Domestic equities advanced in the first full trading week of the year as traders largely looked past mounting geopolitical tensions, pushing most major indexes to all-time highs. Small-cap and value shares outpaced the large-cap growth stocks that have led returns in recent years, while an equal-weighted version of the S&P 500 outperformed its market cap-weighted counterpart. Of the major indexes, the Russell 2000 performed best, adding a whopping 4.62 percent, while the S&P 500 performed worst but still gained 1.57 percent.  Last week also saw several notable industry-level moves in response to a flurry of policy announcements from President Trump. For example, stocks of aerospace and defense companies were hurt on Wednesday by comments that Mr. Trump “will not permit” them to pay dividends or repurchase shares unless they accelerate production of military hardware. The next day, defense stocks rallied after the administration proposed a sizable increase in military spending, as investors priced in the potential for higher government outlays.

Similarly, shares of homebuilders and related industries initially came under pressure after the administration said it would seek to restrict institutional purchases of single-family homes. However, the group rebounded later in the week after Mr. Trump announced that he was instructing government-controlled mortgage companies Fannie Mae and Freddie Mac to buy $200 billion of mortgage bonds to try to drive down lending rates. Credit spreads in the agency mortgage-backed security sector also rapidly tightened on the news. 

Last week also brought a heavy dose of economic data releases, including several labor market reports that generally surprised to the downside.
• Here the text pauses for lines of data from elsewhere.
lemma norm_powr_le_prod_powr:
  fixes x :: "real^'d::finite" and s :: real
  assumes x: "norm x \<ge> 1" and s: "s > 0"
  shows "norm x powr -s \<le> 2 powr s * (\<Prod>i\<in>UNIV. (1 + \<bar>x$i\<bar>) powr -(s / CARD('d)))"
proof -
  define p where "p = s / CARD('d)"
  define N where "N = 1 + norm x"
  define q where "q = (\<Prod>i\<in>(UNIV::'d set). 1 + \<bar>x$i\<bar>)"
  have q1: "q \<ge> 1" unfolding q_def by (intro prod_ge_1) auto
  have N1: "N \<ge> 1" by (simp add: N_def)
  have "q \<le> (\<Prod>i\<in>(UNIV::'d set). N)" unfolding q_def N_def
    by (intro prod_mono) (auto simp: component_le_norm_cart)
  also have "\<dots> = N powr (real CARD('d))" using N1 by (simp add: powr_realpow)
  finally have "q powr p \<le> (N powr (real CARD('d))) powr p"
    using q1 s by (intro powr_mono2) (auto simp: p_def)
  also have "\<dots> = N powr s" using N1 by (simp add: powr_powr p_def)
  also have "\<dots> \<le> (2 * norm x) powr s" using x s by (intro powr_mono2) (auto simp: N_def)
  also have "\<dots> = 2 powr s * norm x powr s" by (simp add: powr_mult)
  finally have "inverse (2 powr s * norm x powr s) \<le> inverse (q powr p)"
    using q1 by (intro le_imp_inverse_le) auto
  then have "norm x powr -s / 2 powr s \<le> q powr -p"
    by (simp add: powr_minus divide_inverse mult.commute)
  moreover have "q powr -p = (\<Prod>i\<in>UNIV. (1 + \<bar>x$i\<bar>) powr -p)"
    unfolding q_def by (rule prod_powr_distrib)
  ultimately show ?thesis unfolding p_def by (simp add: field_simps)
qed

text \<open>Comparing with a product makes the lattice sum factor into one-dimensional sums.\<close>
lemma int_lattice_summable_norm_powr:
  fixes s :: real
  assumes s: "s > CARD('d::finite)"
  shows "(\<lambda>x::real^'d. norm x powr -s) summable_on (int_lattice - {0})"
proof (rule summable_on_comparison_test)
  have "(\<lambda>x::real^'d. 2 powr s * (\<Prod>i\<in>UNIV. (1 + \<bar>x$i\<bar>) powr -(s / CARD('d)))) summable_on int_lattice"
    using s by (intro summable_on_cmult_right int_lattice_summable_prod_powr) simp
  then show "(\<lambda>x::real^'d. 2 powr s * (\<Prod>i\<in>UNIV. (1 + \<bar>x$i\<bar>) powr -(s / CARD('d))))
      summable_on (int_lattice - {0})"
    by (rule summable_on_subset) auto
  show "norm x powr -s \<le> 2 powr s * (\<Prod>i\<in>UNIV. (1 + \<bar>x$i\<bar>) powr -(s / CARD('d)))"
    if "x \<in> int_lattice - {0}" for x :: "real^'d"
    using s int_lattice_norm_ge_1[OF that] by (simp add: norm_powr_le_prod_powr)
qed simp

lemma dilated_inverse_power_le_powr:
  fixes r y b :: real and M d :: nat
  assumes r: "r > 0" and y: "y > 0" and b: "b > 0" and M: "real M \<ge> real d + b"
  shows "r^d / (1 + r * y)^M \<le> r powr -b * y powr -(real d + b)"
proof -
  define s where "s = real d + b"
  define t where "t = r * y"
  have t: "t > 0" using r y by (simp add: t_def)
  have "t powr s \<le> (1 + t)^M"
  proof (cases "t \<ge> 1")
    case True
    have "t powr s \<le> t powr (real M)" using True M by (intro powr_mono) (auto simp: s_def)
    also have "\<dots> = t^M" using t by (simp add: powr_realpow)
    also have "\<dots> \<le> (1 + t)^M" using t by (intro power_mono) auto
    finally show ?thesis .
  next
    case False
    then have "t powr s \<le> 1" using t b by (intro powr_le1) (auto simp: s_def)
    also have "1 \<le> (1 + t)^M" using t by simp
    finally show ?thesis .
  qed
  then have "r^d / (1 + t)^M \<le> r^d / t powr s"
    using r t by (intro divide_left_mono) auto
  also have "\<dots> = r powr real d * (r powr -s * y powr -s)"
    using r y by (simp add: t_def powr_mult powr_minus divide_inverse powr_realpow)
  also have "\<dots> = r powr -b * y powr -s"
    using r by (simp add: s_def powr_add[symmetric] mult.assoc[symmetric])
  finally show ?thesis by (simp add: t_def s_def)
qed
Most notably, the Labor Department released its closely watched nonfarm payrolls report on Friday, which showed that U.S. employers added a lighter-than-expected 50,000 jobs in December, while October’s and November’s readings were revised down by a combined 76,000. However, on the more positive side, the unemployment rate ticked down to 4.4 percent from a revised 4.5 percent in the prior month. 
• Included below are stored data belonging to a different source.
(* Let $\mathbb H$ be the real quaternion algebra. Let $a,d\in\mathbb H$ be nonzero with $\Re(a)=0$ and $ad=-da$, let $m,n\in\mathbb R$, and let $f(z)=z^2+az+m+na+d$. Let $z_0$ be a root of $f$ (i.e. $z_0^2+az_0+m+na+d=0$), and let $r_0=\Re(z_0)$, $N_0=-\Im(z_0)^2$. If $n\neq0$, then $r_0$ is a root of $16r^6+(-8a^2+16m)r^4+(-a^2(4m-a^2)+4a^2n^2+4d^2)r^2-a^4n^2=0$ and $\Im(z_0)=-(2r_0+a)^{-1}\left(\frac{1}{2r_0}a(r_0+n)(2r_0+a)+d\right)$. If $n=0$, then either $r_0=0$, $N_0$ is a root of $N^2+(a^2-2m)N+m^2-d^2=0$ and $\Im(z_0)=-a^{-1}(m+d-N_0)$; or $r_0$ is a root of $16r^4+(-8a^2+16m)r^2-a^2(4m-a^2)+4d^2=0$ and $\Im(z_0)=-(2r_0+a)^{-1}\left(\frac12a(2r_0+a)+d\right)$.
   Context: For $q=c_1+c_2i+c_3j+c_4k\in\mathbb H$, $\Re(q)=c_1$ and $\Im(q)=q-\Re(q)$. Under the hypotheses $a$ and $d$ are pure imaginary, so $a^2,d^2\in\mathbb R$. *)

theory Defs
  imports Complex_Main
begin

datatype quat = Quat (Re: real) (Im1: real) (Im2: real) (Im3: real)

lemma quat_eqI [intro?]:
  "Re x = Re y \<Longrightarrow> Im1 x = Im1 y \<Longrightarrow> Im2 x = Im2 y \<Longrightarrow> Im3 x = Im3 y \<Longrightarrow> x = y"
  by (cases x; cases y) simp

lemma quat_eq_iff: "x = y \<longleftrightarrow> Re x = Re y \<and> Im1 x = Im1 y \<and> Im2 x = Im2 y \<and> Im3 x = Im3 y"
  by (auto intro: quat_eqI)

instantiation quat :: real_vector
begin
definition "0 = Quat 0 0 0 0"
definition "x + y = Quat (Re x + Re y) (Im1 x + Im1 y) (Im2 x + Im2 y) (Im3 x + Im3 y)"
definition "- x = Quat (- Re x) (- Im1 x) (- Im2 x) (- Im3 x)"
definition "x - y = Quat (Re x - Re y) (Im1 x - Im1 y) (Im2 x - Im2 y) (Im3 x - Im3 y)"
definition "scaleR r x = Quat (r * Re x) (r * Im1 x) (r * Im2 x) (r * Im3 x)"
instance
  by standard (auto simp: quat_eq_iff zero_quat_def plus_quat_def uminus_quat_def
      minus_quat_def scaleR_quat_def algebra_simps)
end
The Labor Department’s Job Openings and Labor Turnover Summary for November provided another sign of cooling in the labor market. According to the report, hires declined to 5.1 million for the month, down from 5.4 million in October, while job openings dropped to the lowest level since September 2024 at 7.1 million. Elsewhere, private payrolls processing firm ADP reported that private employers added 41,000 jobs in December, rebounding from a net loss of jobs in the prior month but falling short of estimates for around 47,000 jobs added.  Data from the Institute for Supply Management showed that economic activity in the U.S. manufacturing sector contracted for the 10th consecutive month in December, as the ISM’s Manufacturing Purchasing Managers’ Index declined by 0.3 points to 47.9, the lowest reading of 2025 (readings below 50 indicate contraction). The employment index remained in contraction for the 11th straight month, while the prices index stayed in expansion – indicating rising input prices – for the 15th consecutive month.

On the other hand, the ISM’s measure of services activity expanded for the 10th month in a row. Gains in new orders, business activity, and a rebound in employment from contraction to expansion helped push the Services PMI to the highest reading of the year. Price pressures also eased somewhat, although the services prices index remained solidly in expansion territory.   U.S. Treasury securities traded slightly higher last week, with some longer-term yields decreasing modestly and short-term yields inching higher. Treasuries rallied early in the week in response to some weaker-than-expected economic data, but follow-through was limited, and trading activity was muted overall. The benchmark 10-year U.S. Treasury note closed last week yielding 4.18 percent.

Market Monitor

A full listing of market performance data is available here.

DQYDJ.com (“Don’t Quit Your Day Job”) offers helpful investment calculators here, including one that shows total returns for individual stocksKoyfin.com provides reams of data on individual stocks, including the ability to track total return — and just about anything else — over time.

In the News

Employers added 50,000 jobs in December, and the unemployment rate fell to 4.4 percent. But total job gains last year were the weakest since 2020. The report provided the latest in a rapid series of economic updates after several releases were delayed or canceled because of the shutdown. Those glimpses into the state of the economy have demonstrated resilient growth and spending but some softness in the labor market. A new report from payroll company ADP found that the U.S. economy added an estimated 41,000 private sector jobs in December, after reporting a loss of 29,000 jobs in November. Still, manufacturing jobs are difficult to count

The Commerce Department announced that, in March, the administration will reduce duties on pasta imports for 13 Italian-based producers, cutting total rates from 107 percent to between 17 and 29 percent.

The Chinese-based BYD surpassed Tesla in vehicle sales last year, though Tesla remains the best-selling electric vehicle manufacturer, as BYD sells both plug-in hybrids and battery-electric cars.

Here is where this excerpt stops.